Deuteronômio (“tais foram as palavras que, em alta voz, YHWH dirigiu a toda a

vossa assembleia no monte”, 5,22). É interessante notar que tanto em Êxodo quanto

em Deuteronômio não se encontram termos que geralmente são associados aos

textos legais do Pentateuco, como por exemplo, “mandamento”, “lei”, “prescrição”,

“proibição”. Destaca-se, em contrapartida, a expressão: “Palavra de Deus” dirigida

diretamente ao seu povo.

Uma das formas de legitimação dos mandamentos foi dizer que foram

escritos diretamente por Deus em duas tábuas de pedra. Apesar da mediação de

Moisés, mas Deus é visto com a fonte direta para a produção dos mesmos e que,

portanto, desobedecê-los implica em infidelidade à aliança.

Tal legitimação pode ser exemplificada na passagem de Dt 10,4 quando se

refere ao caso da reescrita dos mandamentos em função do fato de as primeiras

tábuas terem sido quebradas: “Ele (Deus), então, escreveu sobre as tábuas o

mesmo texto que havia escrito antes, as dez palavras que vos tinha falado na

montanha, do meio do fogo, no dia da assembleia.”

Outro fundamento importante para a exigência de seguimento do decálogo é

a memória da ação de Deus em relação à libertação da escravidão, conforme

menciona anteriormente. Como se lê em Dt 5,6: “Eu sou Iahweh teu Deus, aquele

que te fez sair da terra do Egito, da casa da escravidão.”

Segundo Kramer (2016, p. 104), nesta passagem Deus faz sua

auto-apresentação e se proclama como Deus libertador.
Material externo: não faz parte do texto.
lemma (in group) perturbed_generators_conj:
  assumes fin: "finite (carrier G)" and Z: "Z \<lhd> G" "comm_group (G\<lparr>carrier := Z\<rparr>)"
    and g: "g ` I \<subseteq> carrier G" and n: "n ` I \<subseteq> Z"
    and cop_H: "coprime (card (generate G (g ` I))) (card Z)"
    and cop_K: "coprime (card (generate G ((\<lambda>i. g i \<otimes> n i) ` I))) (card Z)"
  shows "\<exists>v\<in>Z. \<forall>i\<in>I. g i \<otimes> n i = inv v \<otimes> g i \<otimes> v"
proof -
  define H where "H = generate G (g ` I)"
  define K where "K = generate G ((\<lambda>i. g i \<otimes> n i) ` I)"
  have Zs: "subgroup Z G" using normal_imp_subgroup[OF Z(1)] .
  have gn: "g i \<in> carrier G" "n i \<in> carrier G" "n i \<in> Z" if "i \<in> I" for i
    using that g n subgroup.mem_carrier[OF Zs] by auto
  have H: "subgroup H G" unfolding H_def using generate_is_subgroup[OF g] .
  have K: "subgroup K G" unfolding K_def using gn by (intro generate_is_subgroup) auto
  have gnK: "g i \<otimes> n i \<in> K" if "i \<in> I" for i
    unfolding K_def using that by (auto intro: generate.incl)
  have KZ: "K \<inter> Z = {\<one>}"
    using coprime_subgroups_inter_trivial[OF K Zs] cop_K unfolding K_def by simp
  have "g ` I \<subseteq> Z <#> K"
  proof (rule image_subsetI)
    fix i assume i: "i \<in> I"
    have "g i = (g i \<otimes> inv (n i) \<otimes> inv (g i)) \<otimes> (g i \<otimes> n i)"
      using gn[OF i] by (simp add: m_assoc)
    moreover have "g i \<otimes> inv (n i) \<otimes> inv (g i) \<in> Z"
      using normal.inv_op_closed2[OF Z(1) gn(1)[OF i] subgroup.m_inv_closed[OF Zs gn(3)[OF i]]] .
    ultimately show "g i \<in> Z <#> K" unfolding set_mult_def using gnK[OF i] by blast
  qed
  then have "H \<subseteq> Z <#> K"
    unfolding H_def by (rule generate_subgroup_incl[OF _ mult_norm_subgroup[OF Z(1) K]])
  then obtain \<sigma> where \<sigma>: "\<And>q. q \<in> H \<Longrightarrow> \<sigma> q \<in> K" "\<And>q. q \<in> H \<Longrightarrow> inv q \<otimes> \<sigma> q \<in> Z"
    and hom: "\<And>q r. q \<in> H \<Longrightarrow> r \<in> H \<Longrightarrow> \<sigma> (q \<otimes> r) = \<sigma> q \<otimes> \<sigma> r"
    using exists_hom_into_complement[OF Z(1) K KZ H] by blast
  have "\<sigma> ` H \<subseteq> carrier G" using \<sigma>(1) subgroup.mem_carrier[OF K] by blast
  then obtain v where v: "v \<in> Z" and conj: "\<And>q. q \<in> H \<Longrightarrow> \<sigma> q = inv v \<otimes> q \<otimes> v"
    using coset_preserving_hom_is_conj[OF Z H finite_subset[OF subgroup.subset[OF H] fin] _ _ \<sigma>(2) hom]
      cop_H unfolding H_def by blast
  have "g i \<otimes> n i = inv v \<otimes> g i \<otimes> v" if i: "i \<in> I" for i
  proof -
    have giH: "g i \<in> H" unfolding H_def using i by (auto intro: generate.incl)
    have "g i \<otimes> n i = \<sigma> (g i)"
      using complement_coset_rep_unique[OF Zs K KZ gn(1)[OF i] gnK[OF i] \<sigma>(1)[OF giH] _ \<sigma>(2)[OF giH]]
        gn[OF i] by simp
    then show ?thesis using conj[OF giH] by simp
  qed
  with v show ?thesis by blast
qed

lemma (in group) exists_pair_not_simultaneously_conj:
  assumes Z: "Z \<subseteq> carrier G" "2 \<le> card Z" and a: "a \<in> carrier G" and b: "b \<in> carrier G"
  shows "\<exists>n1\<in>Z. \<exists>n2\<in>Z. \<not> (\<exists>v\<in>Z. a \<otimes> n1 = inv v \<otimes> a \<otimes> v \<and> b \<otimes> n2 = inv v \<otimes> b \<otimes> v)"
proof (rule ccontr)
  assume all_conj: "\<not> ?thesis"
  have "Z \<times> Z \<subseteq> (\<lambda>v. (inv a \<otimes> (inv v \<otimes> a \<otimes> v), inv b \<otimes> (inv v \<otimes> b \<otimes> v))) ` Z"
  proof (rule subsetI, clarify)
    fix n1 n2 assume n: "n1 \<in> Z" "n2 \<in> Z"
    with all_conj obtain v where v: "v \<in> Z" "a \<otimes> n1 = inv v \<otimes> a \<otimes> v" "b \<otimes> n2 = inv v \<otimes> b \<otimes> v"
      by blast
    have "n1 = inv a \<otimes> (inv v \<otimes> a \<otimes> v)" "n2 = inv b \<otimes> (inv v \<otimes> b \<otimes> v)"
      using v(2,3)[symmetric] n Z(1) a b by (auto simp: inv_m_cancel_left subsetD)
    with v(1) show "(n1, n2) \<in> (\<lambda>v. (inv a \<otimes> (inv v \<otimes> a \<otimes> v), inv b \<otimes> (inv v \<otimes> b \<otimes> v))) ` Z"
      by blast
  qed
  moreover have "finite Z" using Z(2) by (metis card.infinite not_numeral_le_zero)
  ultimately have "card Z * card Z \<le> card Z"
    using surj_card_le[of Z "Z \<times> Z"] by (simp add: card_cartesian_product)
  moreover have "2 * card Z \<le> card Z * card Z" using Z(2) by (rule mult_right_mono) simp
  ultimately show False using Z(2) by linarith
qed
Por esta lógica, rememorar o

Deus que liberta da escravidão no contexto de apresentação dos mandamentos,

implica em enfatizar que para que povo tenha sua liberdade preservada e a vida

esperada seja imprescindível o seguimento destas exigências que, no fundo se

constituem como base ética de cumprimento da aliança.
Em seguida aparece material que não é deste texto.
lemma foc_gap_has_root:
  assumes "0 < q" "q \<le> 1" "0 < lam" "0 < c" "c < 1" "0 \<le> \<theta>" "lam * (1 - c) < \<gamma>"
  obtains d where "0 \<le> d" "foc_gap q lam \<gamma> c \<theta> d = 0"
proof -
  define \<beta> where "\<beta> = \<gamma> - lam * (1 - c)"
  have "0 < \<beta>" "0 < lam * c" using assms unfolding \<beta>_def by auto
  define h where "h d = exp (- \<beta> * d) * foc_gap q lam \<gamma> c \<theta> d" for d
  have "h = (\<lambda>d. q powr (1 - c) - c * (1 + \<theta>) * ((1 - q) * exp (- \<beta> * d)
             + q * lam * (exp (- \<beta> * d) * exp_integral (\<gamma> - lam) d)) - (1 + \<theta>) * q * exp (- (lam * c) * d))"
    (is "_ = ?h")
  proof
    fix d
    have "exp (- \<beta> * d) * exp (\<beta> * d) = 1" "exp (- \<beta> * d) * exp ((\<gamma> - lam) * d) = exp (- (lam * c) * d)"
      unfolding \<beta>_def by (simp_all add: algebra_simps flip: exp_add)
    then show "h d = ?h d"
      unfolding h_def foc_gap_def retained_exp_moment_def \<beta>_def[symmetric] using assms(4)
      by (simp add: field_simps)
  qed
  moreover have "(?h \<longlongrightarrow> q powr (1 - c) - c * (1 + \<theta>) * ((1 - q) * 0 + q * lam * 0) - (1 + \<theta>) * q * 0) at_top"
    using \<open>0 < \<beta>\<close> \<open>0 < lam * c\<close>
    by (intro tendsto_intros tendsto_exp_integral_damped tendsto_exp_neg_at_top) (auto simp: \<beta>_def right_diff_distrib)
  ultimately have "(h \<longlongrightarrow> q powr (1 - c)) at_top" by simp
  moreover have "0 < q powr (1 - c)" using assms(1) by simp
  ultimately have "eventually (\<lambda>d. 0 < h d) at_top" by (rule order_tendstoD(1))
  then obtain D where "0 \<le> D" "0 < h D"
    by (metis eventually_at_top_linorder linorder_linear max.cobounded1 max.cobounded2)
  then have "0 \<le> foc_gap q lam \<gamma> c \<theta> D" unfolding h_def by (simp add: zero_less_mult_iff)
  moreover have "continuous_on {0..D} (foc_gap q lam \<gamma> c \<theta>)"
    unfolding foc_gap_def retained_exp_moment_def exp_integral_def using assms(4)
    by (cases "\<gamma> = lam") (auto intro!: continuous_intros)
  ultimately obtain d where "0 \<le> d" "d \<le> D" "foc_gap q lam \<gamma> c \<theta> d = 0"
    using IVT'[of "foc_gap q lam \<gamma> c \<theta>" 0 0 D] foc_gap_at_0(1)[OF assms(1,2,4,5,6)] \<open>0 \<le> D\<close> by auto
  then show ?thesis using that by simp
qed

section \<open>Expectations under the law of \<open>X\<close>\<close>

lemma ExpX_cong:
  assumes "\<And>x. 0 \<le> x \<Longrightarrow> f x = g x"
  shows "ExpX q lam f = ExpX q lam g"
  unfolding ExpX_def using assms
  by (subst set_lebesgue_integral_cong[where g = "\<lambda>x. lam * exp (- lam * x) * g x"]) auto

lemma integrableX_cong:
  assumes "\<And>x. 0 \<le> x \<Longrightarrow> f x = g x"
  shows "integrableX q lam f \<longleftrightarrow> integrableX q lam g"
  unfolding integrableX_def using assms by (intro set_integrable_cong) auto

lemma integrableX_const: "0 < lam \<Longrightarrow> integrableX q lam (\<lambda>_. K)"
  and ExpX_const: "0 < lam \<Longrightarrow> ExpX q lam (\<lambda>_. K) = K"
proof -
  assume lam: "0 < lam"
  have tail: "set_integrable lborel {0..} (\<lambda>x. lam * exp (- lam * x))"
    "(LINT x:{0..}|lborel. lam * exp (- lam * x)) = 1"
    using set_integral_exp_tail[OF lam, of lam 0] lam by auto
  have "set_integrable lborel {0<..} (\<lambda>x. lam * exp (- lam * x))"
    by (rule set_integrable_subset[OF tail(1)]) auto
  then show "integrableX q lam (\<lambda>_. K)" unfolding integrableX_def by simp
  have "(LINT x:{0<..}|lborel. lam * exp (- lam * x)) = (LINT x:{0..}|lborel. lam * exp (- lam * x))"
    by (rule set_integral_cong_set) (auto intro: AE_lborel_except_point[of 0] simp: set_borel_measurable_def)
  then show "ExpX q lam (\<lambda>_. K) = K" unfolding ExpX_def tail(2) by (simp add: algebra_simps)
qed

lemma integrableX_linear:
  "integrableX q lam f \<Longrightarrow> integrableX q lam g \<Longrightarrow> integrableX q lam (\<lambda>x. a * f x + b * g x)"
  unfolding integrableX_def by (auto simp: algebra_simps)

lemma ExpX_linear:
  assumes "integrableX q lam f" "integrableX q lam g"
  shows "ExpX q lam (\<lambda>x. a * f x + b * g x) = a * ExpX q lam f + b * ExpX q lam g"
proof -
  have "set_integrable lborel {0<..} (\<lambda>x. a * (lam * exp (- lam * x) * f x))"
    "set_integrable lborel {0<..} (\<lambda>x. b * (lam * exp (- lam * x) * g x))"
    using assms unfolding integrableX_def by auto
  from set_integral_add(2)[OF this] show ?thesis
    unfolding ExpX_def by (simp add: algebra_simps)
qed

lemma integrableX_diff:
  "integrableX q lam f \<Longrightarrow> integrableX q lam g \<Longrightarrow> integrableX q lam (\<lambda>x. f x - g x)"
  unfolding integrableX_def by (auto simp: algebra_simps)

lemma ExpX_diff:
  assumes "integrableX q lam f" "integrableX q lam g"
  shows "ExpX q lam (\<lambda>x. f x - g x) = ExpX q lam f - ExpX q lam g"
  using ExpX_linear[OF assms, of 1 "-1"] by simp

lemma ExpX_mono:
  assumes "0 \<le> q" "q \<le> 1" "0 \<le> lam" "integrableX q lam f" "integrableX q lam g"
    and "\<And>x. 0 \<le> x \<Longrightarrow> f x \<le> g x"
  shows "ExpX q lam f \<le> ExpX q lam g"
proof -
  have "(LINT x:{0<..}|lborel. lam * exp (- lam * x) * f x) \<le> (LINT x:{0<..}|lborel. lam * exp (- lam * x) * g x)"
    using assms(4,5) unfolding integrableX_def
    by (rule set_integral_mono) (use assms(3,6) in \<open>auto intro: mult_left_mono\<close>)
  then show ?thesis
    unfolding ExpX_def using assms(1,2) assms(6)[of 0] by (intro add_mono mult_left_mono) auto
qed

lemma ExpX_mono_AE_eq:
  assumes "0 < q" "q \<le> 1" "0 < lam" "integrableX q lam f" "integrableX q lam g"
    and le: "\<And>x. 0 \<le> x \<Longrightarrow> f x \<le> g x" and ge: "ExpX q lam g \<le> ExpX q lam f"
  shows "AE x in lborel. 0 < x \<longrightarrow> f x = g x"
proof -
  define h where "h x = lam * exp (- lam * x) * g x - lam * exp (- lam * x) * f x" for x
  have int: "set_integrable lborel {0<..} h"
    using assms(4,5) unfolding integrableX_def h_def by auto
  have h_nonneg: "0 \<le> h x" if "0 \<le> x" for x
    unfolding h_def using le[OF that] assms(3) by (simp add: mult_left_mono)
  have h_diff: "(LINT x:{0<..}|lborel. h x)
      = (LINT x:{0<..}|lborel. lam * exp (- lam * x) * g x) - (LINT x:{0<..}|lborel. lam * exp (- lam * x) * f x)"
    unfolding h_def using assms(5,4) unfolding integrableX_def by (rule set_integral_diff(2))
  have "ExpX q lam g - ExpX q lam f = (1 - q) * (g 0 - f 0) + q * (LINT x:{0<..}|lborel. h x)"
    unfolding ExpX_def h_diff by (simp add: algebra_simps)
  moreover have "0 \<le> (1 - q) * (g 0 - f 0)" using assms(2) le[of 0] by simp
  moreover have "0 \<le> (LINT x:{0<..}|lborel. h x)"
    using h_nonneg unfolding set_lebesgue_integral_def
    by (auto intro!: Bochner_Integration.integral_nonneg split: split_indicator)
  then have "0 \<le> q * (LINT x:{0<..}|lborel. h x)" using assms(1) by simp
  ultimately have "q * (LINT x:{0<..}|lborel. h x) = 0"
    using ge by linarith
  then have "integral\<^sup>L lborel (\<lambda>x. indicator {0<..} x *\<^sub>R h x) = 0"
    using assms(1) unfolding set_lebesgue_integral_def by simp
  then have "AE x in lborel. indicator {0<..} x *\<^sub>R h x = 0"
    using int h_nonneg unfolding set_integrable_def
    by (subst (asm) integral_nonneg_eq_0_iff_AE) (auto split: split_indicator)
  then show ?thesis
    by eventually_elim (use assms(3) in \<open>auto simp: h_def indicator_def simp flip: right_diff_distrib\<close>)
qed

lemma survI_measurable [measurable]:
  assumes [measurable]: "J \<in> borel_measurable borel"
  shows "(\<lambda>s. survI q lam J s) \<in> borel_measurable borel"
  unfolding survI_def ExpX_def set_lebesgue_integral_def by measurable

lemma premium_cong:
  assumes "\<And>x. 0 \<le> x \<Longrightarrow> J x = J' x"
  shows "premium k q lam J = premium k q lam J'"
proof -
  have "survI q lam J = survI q lam J'"
    unfolding survI_def using assms by (intro ext ExpX_cong) simp
  then show ?thesis unfolding premium_def by simp
qed

lemma ktilde_exp:
  assumes "0 \<le> q"
  shows "ktilde \<theta> c (q * exp (- lam * t)) = (1 + \<theta>) * q powr c * exp (- (lam * c) * t)"
  unfolding ktilde_def using assms by (simp add: powr_mult exp_powr_real algebra_simps)

section \<open>Monotone indemnities and their layers\<close>

definition monotone_indemnity :: "(real \<Rightarrow> real) \<Rightarrow> bool" where
  "monotone_indemnity J \<longleftrightarrow> mono J \<and> (\<forall>x\<ge>0. 0 \<le> J x \<and> J x \<le> x)"

lemma monotone_indemnity_measurable: "monotone_indemnity J \<Longrightarrow> J \<in> borel_measurable borel"
  unfolding monotone_indemnity_def by (simp add: borel_measurable_mono)

lemma monotone_indemnity_nonneg: "monotone_indemnity J \<Longrightarrow> 0 \<le> x \<Longrightarrow> 0 \<le> J x"
  unfolding monotone_indemnity_def by simp

lemma monotone_indemnity_le: "monotone_indemnity J \<Longrightarrow> 0 \<le> x \<Longrightarrow> J x \<le> x"
  unfolding monotone_indemnity_def by simp

lemma monotone_indemnity_0:
  assumes "monotone_indemnity J"
  shows "J 0 = 0"
proof -
  have "0 \<le> J 0 \<and> J 0 \<le> 0" using assms unfolding monotone_indemnity_def by simp
  then show ?thesis by simp
qed

lemma Ic_bounds: "J \<in> Ic \<Longrightarrow> 0 \<le> x \<Longrightarrow> 0 \<le> J x \<and> J x \<le> x"
  unfolding Ic_def by simp

lemma Ic_increasing:
  assumes "J \<in> Ic" "0 \<le> y" "y \<le> x"
  shows "J y \<le> J x"
proof -
  have "\<forall>y. 0 \<le> y \<and> y \<le> x \<longrightarrow> 0 \<le> J x - J y"
    using assms unfolding Ic_def by auto
  then show ?thesis using assms(2,3) by auto
qed

(* Ic only constrains indemnities on [0, oo); J (max x 0) agrees with J there and is monotone on
   the whole line, hence Borel measurable. *)
lemma monotone_indemnity_extend_Ic:
  assumes "J \<in> Ic"
  shows "monotone_indemnity (\<lambda>x. J (max x 0))"
  unfolding monotone_indemnity_def
proof
  show "mono (\<lambda>x. J (max x 0))"
    by (rule monoI) (simp add: Ic_increasing[OF assms] max.mono)
qed (simp add: Ic_bounds[OF assms])

lemma survI_eq_set_integral:
  assumes "J 0 \<le> s"
  shows "survI q lam J s = q * (LINT x:{x. 0 < x \<and> s < J x}|lborel. lam * exp (- lam * x))"
proof -
  have "(LINT x:{0<..}|lborel. lam * exp (- lam * x) * of_bool (s < J x))
      = (LINT x:{x. 0 < x \<and> s < J x}|lborel. lam * exp (- lam * x))"
    unfolding set_lebesgue_integral_def
    by (intro Bochner_Integration.integral_cong refl) (simp split: split_indicator)
  then show ?thesis unfolding survI_def ExpX_def using assms by simp
qed

lemma survI_monotone_indemnity:
  assumes J: "monotone_indemnity J" and "0 \<le> s" "0 < lam"
  obtains "{x. 0 < x \<and> s < J x} = {}" "survI q lam J s = 0"
    | t where "s \<le> t" "AE x in lborel. (0 < x \<and> s < J x) \<longleftrightarrow> t \<le> x"
      "survI q lam J s = q * exp (- lam * t)"
proof -
  let ?U = "{x. 0 < x \<and> s < J x}"
  have [measurable]: "J \<in> borel_measurable borel" by (rule monotone_indemnity_measurable[OF J])
  have S: "survI q lam J s = q * (LINT x:?U|lborel. lam * exp (- lam * x))"
    using monotone_indemnity_0[OF J] \<open>0 \<le> s\<close> by (intro survI_eq_set_integral) simp
  show ?thesis
  proof (cases "?U = {}")
    case True
    then show ?thesis using that(1) S by (simp add: set_lebesgue_integral_def)
  next
    case False
    have bdd: "bdd_below ?U" by (rule bdd_belowI[of _ 0]) simp
    have up: "y \<in> ?U" if "x \<in> ?U" "x \<le> y" for x y
    proof -
      have "0 < y" using that by simp
      moreover have "s < J y"
        using that J order.strict_trans2[of s "J x" "J y"] unfolding monotone_indemnity_def mono_def by blast
      ultimately show ?thesis by simp
    qed
    have AE: "AE x in lborel. x \<in> ?U \<longleftrightarrow> Inf ?U \<le> x"
      by (rule upclosed_AE_iff_Inf_le[OF False bdd up])
    have "s \<le> x" if "x \<in> ?U" for x
      using that monotone_indemnity_le[OF J, of x] by simp
    then have "s \<le> Inf ?U" using False by (intro cInf_greatest) simp_all
    have "(LINT x:?U|lborel. lam * exp (- lam * x)) = (LINT x:{Inf ?U..}|lborel. lam * exp (- lam * x))"
    proof (rule set_integral_cong_set)
      show "AE x in lborel. x \<in> {Inf ?U..} \<longleftrightarrow> x \<in> ?U" using AE by (rule eventually_mono) (simp only: atLeast_iff)
    qed (unfold set_borel_measurable_def; measurable)+
    also have "\<dots> = exp (- lam * Inf ?U)"
      using set_integral_exp_tail(2)[OF \<open>0 < lam\<close>, of lam "Inf ?U"] \<open>0 < lam\<close> by simp
    finally have "survI q lam J s = q * exp (- lam * Inf ?U)"
      unfolding S by (rule arg_cong[where f = "(*) q"])
    moreover have "AE x in lborel. (0 < x \<and> s < J x) \<longleftrightarrow> Inf ?U \<le> x" using AE by simp
    ultimately show ?thesis by (intro that(2)[OF \<open>s \<le> Inf ?U\<close>])
  qed
qed

lemma layer_indemnity_AE_eq_imp_eq:
  fixes a d d' :: real
  assumes "0 < a" "0 \<le> d" "0 \<le> d'"
    and "AE x in lborel. 0 < x \<longrightarrow> a * max (x - d') 0 = a * max (x - d) 0"
  shows "d' = d"
proof (rule ccontr)
  assume "d' \<noteq> d"
  then have "min d d' < max d d'" by (auto simp: min_def max_def)
  then obtain x where "min d d' < x" "x < max d d'" "0 < x \<longrightarrow> a * max (x - d') 0 = a * max (x - d) 0"
    by (rule AE_lborel_obtain_in_interval[OF assms(4)])
  then show False using assms(1-3) by (cases "d \<le> d'") (auto simp: min_def max_def)
qed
Em outras palavras, ainda segundo o mesmo autor, as palavras e exigências

de YHWH presentes no decálogo tem por objetivo evitar que aqueles que foram

libertos da escravidão egípcia recaiam em condições semelhantes de opressão e

dominação. Mesters (1986, p. 20) chegou a comparar Ex 20,2 e Dt 5,6 como um

prego que sustenta as dez palavras de YHWH. Se acontecer de o prego sair da

parede e o quadro terminar caindo no chão, então este se quebrará e só sobrará

pedaços. Assim, é extremamente importante e urgente substituir a compreensão de

um Deus que é “imperador” e que prescreve mandamentos, por um Deus que age

como libertador e que, ao exigir o cumprimento dos mandamentos, está propondo

um caminho para que as pessoas e a sociedade em geral encontrem sempre

liberdade.

De acordo com Otto (2011, p. 180), o decálogo não teve uma reformulação

total no tempo do exílio, mas em sua composição foram utilizados elementos

“pré-moldados”. Dentre os argumentos que justificam essa posição, encontra-se o de que

há a mudança do discurso de Deus na primeira pessoa, no caso do primeiro

mandamento para o discurso sobre Deus na terceira pessoa no caso dos

mandamentos seguintes.

Além disso, em Dt 5,17-20 a combinação das proibições de homicídios,

adultério, furto e também o próprio testemunho falso, já se via contemplada na série

de legislações sobre pena de morte (Ex 21,12-17), também no código da aliança e

em formulação profética, como se vê em Os 4,2. Segundo Otto (2011, p. 180), isso

significa que tal combinação era transmitida de forma autônoma e independente no

decálogo.

Por tudo que foi apresentado nesta seção da presente tese, observa-se a

complexidade de interpretação sobre os textos do decálogo e seu processo de

formação redacional, mas que aponta para a riqueza de possibilidades de estudo e

reflexão sistemática desse material que sem dúvida foi tão crucial para normatizar as

relações dos israelitas entre si e com YHWH.